::: DATA

(* Let $f:[0,\infty)\to[0,\infty)$ be continuous with $f(0)=0$, $f(v)>0$ for $v>0$, $v\mapsto f(v)/v$ nondecreasing on $(0,\infty)$, and $\lim_{v\to0^+}f_M(v)/v=0$, where $f_M(v):=\sup_{a\in(0,1)}\frac{f(av)}{f(a)}$ for $v\ge0$. Let $0\le\varphi\in L^1_{\mathrm{loc}}([0,\infty))$. Suppose that for no $0<u_0\in L^1(\mathbb{R}^n)$ does the problem $u_t-\mathcal{L}u=\varphi(t)f(u)$, $u(0)=u_0$, have a global mild solution, i.e. a function $u$ on $(0,\infty)\times\mathbb{R}^n$, finite everywhere, with $$u(t,x)=\int_{\mathbb{R}^n}\Gamma(0,y;t,x)u_0(y)\,dy+\int_0^t\int_{\mathbb{R}^n}\Gamma(0,y;t-\tau,x)\varphi(\tau)f(u(\tau,y))\,dy\,d\tau\quad\text{for all }t>0,\ x\in\mathbb{R}^n.$$ Then: (i) for every $0<w\in L^1(\mathbb{R}^n)$, writing $A_w(\tau,x):=\int_{\mathbb{R}^n}\Gamma(0,y;\tau,x)w(y)\,dy$, $$\int_0^\infty\varphi(\tau)\frac{f\big(\|A_w(\tau,\cdot)\|_{L^\infty(\mathbb{R}^n)}\big)}{\|A_w(\tau,\cdot)\|_{L^\infty(\mathbb{R}^n)}}\,d\tau=+\infty;$$ (ii) for every $\omega>0$, $$\int_1^\infty\varphi(\tau)\,\tau^{\frac q2}f\big(\omega\tau^{-\frac q2}\big)\,d\tau=+\infty.$$
   Context: Standing setting. Let $X=\{X_1,\dots,X_m\}$ be smooth vector fields on $\mathbb{R}^n$, linearly independent as vector fields, satisfying: (H1) there are integers $1=\sigma_1\le\dots\le\sigma_n$ such that, with dilations $\delta_\lambda(x)=(\lambda^{\sigma_1}x_1,\dots,\lambda^{\sigma_n}x_n)$, $\lambda>0$, each $X_j$ is homogeneous of degree $1$, i.e. $X_j(\phi\circ\delta_\lambda)=\lambda\,(X_j\phi)\circ\delta_\lambda$ for all $\phi\in C^\infty(\mathbb{R}^n)$, $\lambda>0$; (H2) Hörmander's rank condition at $0$: the values at $0$ of the vector fields in the Lie algebra generated by $X_1,\dots,X_m$ span $\mathbb{R}^n$. Put $q:=\sigma_1+\dots+\sigma_n$, $\mathcal{L}:=\sum_{j=1}^mX_j^2$, $\mathcal{H}:=\partial_t-\mathcal{L}$. $\Gamma(t,x;s,y)$ denotes the global fundamental solution (heat kernel) of $\mathcal{H}$; for $t>0$, $x\mapsto\int\Gamma(0,y;t,x)\varphi(y)dy$ is the heat semigroup of $\mathcal{L}$ applied to $\varphi$. Known properties: $\Gamma\ge0$; $\Gamma(t,x;s,y)=0$ if $s\le t$; $\Gamma(0,y;t,x)=\Gamma(0,x;t,y)$; $\int_{\mathbb{R}^n}\Gamma(0,y;t,x)\,dy=1$ for $t>0$; $\Gamma(0,y;t+s,x)=\int\Gamma(0,w;t,x)\Gamma(0,y;s,w)\,dw$ for $t,s>0$; there is $\rho>1$ with $\frac{1}{\rho|B_X(x,\sqrt s)|}e^{-\rho d_X(x,y)^2/s}\le\Gamma(0,x;s,y)\le\frac{\rho}{|B_X(x,\sqrt s)|}e^{-d_X(x,y)^2/(\rho s)}$ for $s>0$, where $d_X$ is the Carnot–Carathéodory distance of $X$ and $B_X$ its balls; and $|B_X(x,r)|\ge c\,r^q$ for some $c>0$ and all $x,r$. *)

theory Defs
  imports "HOL-Analysis.Analysis" "HOL-Probability.Essential_Supremum"
begin

text \<open>The heat kernel is encoded as
  Gam t y x = Gamma(0,y;t,x) (source point y at time 0, target x at time t).
  The Hoermander vector fields are not modelled; the heat kernel Gam together with the
  Carnot-Caratheodory distance d and the homogeneous dimension q = sum of the sigma_i
  are taken as data satisfying the known properties listed in the setting.\<close>

definition homog_exponents :: "('n::finite \<Rightarrow> nat) \<Rightarrow> bool" where
  "homog_exponents \<sigma> \<longleftrightarrow> (\<forall>i. 1 \<le> \<sigma> i) \<and> (\<exists>i. \<sigma> i = 1)"

definition hom_dim :: "('n::finite \<Rightarrow> nat) \<Rightarrow> nat" where
  "hom_dim \<sigma> = (\<Sum>i\<in>UNIV. \<sigma> i)"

::::::

**EXERCISE:**
Set down the material above exactly, in full.

**TASK OUTPUT:**
(* Let $f:[0,\infty)\to[0,\infty)$ be continuous with $f(0)=0$, $f(v)>0$ for $v>0$, $v\mapsto f(v)/v$ nondecreasing on $(0,\infty)$, and $\lim_{v\to0^+}f_M(v)/v=0$, where $f_M(v):=\sup_{a\in(0,1)}\frac{f(av)}{f(a)}$ for $v\ge0$. Let $0\le\varphi\in L^1_{\mathrm{loc}}([0,\infty))$. Suppose that for no $0<u_0\in L^1(\mathbb{R}^n)$ does the problem $u_t-\mathcal{L}u=\varphi(t)f(u)$, $u(0)=u_0$, have a global mild solution, i.e. a function $u$ on $(0,\infty)\times\mathbb{R}^n$, finite everywhere, with $$u(t,x)=\int_{\mathbb{R}^n}\Gamma(0,y;t,x)u_0(y)\,dy+\int_0^t\int_{\mathbb{R}^n}\Gamma(0,y;t-\tau,x)\varphi(\tau)f(u(\tau,y))\,dy\,d\tau\quad\text{for all }t>0,\ x\in\mathbb{R}^n.$$ Then: (i) for every $0<w\in L^1(\mathbb{R}^n)$, writing $A_w(\tau,x):=\int_{\mathbb{R}^n}\Gamma(0,y;\tau,x)w(y)\,dy$, $$\int_0^\infty\varphi(\tau)\frac{f\big(\|A_w(\tau,\cdot)\|_{L^\infty(\mathbb{R}^n)}\big)}{\|A_w(\tau,\cdot)\|_{L^\infty(\mathbb{R}^n)}}\,d\tau=+\infty;$$ (ii) for every $\omega>0$, $$\int_1^\infty\varphi(\tau)\,\tau^{\frac q2}f\big(\omega\tau^{-\frac q2}\big)\,d\tau=+\infty.$$
   Context: Standing setting. Let $X=\{X_1,\dots,X_m\}$ be smooth vector fields on $\mathbb{R}^n$, linearly independent as vector fields, satisfying: (H1) there are integers $1=\sigma_1\le\dots\le\sigma_n$ such that, with dilations $\delta_\lambda(x)=(\lambda^{\sigma_1}x_1,\dots,\lambda^{\sigma_n}x_n)$, $\lambda>0$, each $X_j$ is homogeneous of degree $1$, i.e. $X_j(\phi\circ\delta_\lambda)=\lambda\,(X_j\phi)\circ\delta_\lambda$ for all $\phi\in C^\infty(\mathbb{R}^n)$, $\lambda>0$; (H2) Hörmander's rank condition at $0$: the values at $0$ of the vector fields in the Lie algebra generated by $X_1,\dots,X_m$ span $\mathbb{R}^n$. Put $q:=\sigma_1+\dots+\sigma_n$, $\mathcal{L}:=\sum_{j=1}^mX_j^2$, $\mathcal{H}:=\partial_t-\mathcal{L}$. $\Gamma(t,x;s,y)$ denotes the global fundamental solution (heat kernel) of $\mathcal{H}$; for $t>0$, $x\mapsto\int\Gamma(0,y;t,x)\varphi(y)dy$ is the heat semigroup of $\mathcal{L}$ applied to $\varphi$. Known properties: $\Gamma\ge0$; $\Gamma(t,x;s,y)=0$ if $s\le t$; $\Gamma(0,y;t,x)=\Gamma(0,x;t,y)$; $\int_{\mathbb{R}^n}\Gamma(0,y;t,x)\,dy=1$ for $t>0$; $\Gamma(0,y;t+s,x)=\int\Gamma(0,w;t,x)\Gamma(0,y;s,w)\,dw$ for $t,s>0$; there is $\rho>1$ with $\frac{1}{\rho|B_X(x,\sqrt s)|}e^{-\rho d_X(x,y)^2/s}\le\Gamma(0,x;s,y)\le\frac{\rho}{|B_X(x,\sqrt s)|}e^{-d_X(x,y)^2/(\rho s)}$ for $s>0$, where $d_X$ is the Carnot–Carathéodory distance of $X$ and $B_X$ its balls; and $|B_X(x,r)|\ge c\,r^q$ for some $c>0$ and all $x,r$. *)

theory Defs
  imports "HOL-Analysis.Analysis" "HOL-Probability.Essential_Supremum"
begin

text \<open>The heat kernel is encoded as
  Gam t y x = Gamma(0,y;t,x) (source point y at time 0, target x at time t).
  The Hoermander vector fields are not modelled; the heat kernel Gam together with the
  Carnot-Caratheodory distance d and the homogeneous dimension q = sum of the sigma_i
  are taken as data satisfying the known properties listed in the setting.\<close>

definition homog_exponents :: "('n::finite \<Rightarrow> nat) \<Rightarrow> bool" where
  "homog_exponents \<sigma> \<longleftrightarrow> (\<forall>i. 1 \<le> \<sigma> i) \<and> (\<exists>i. \<sigma> i = 1)"

definition hom_dim :: "('n::finite \<Rightarrow> nat) \<Rightarrow> nat" where
  "hom_dim \<sigma> = (\<Sum>i\<in>UNIV. \<sigma> i)"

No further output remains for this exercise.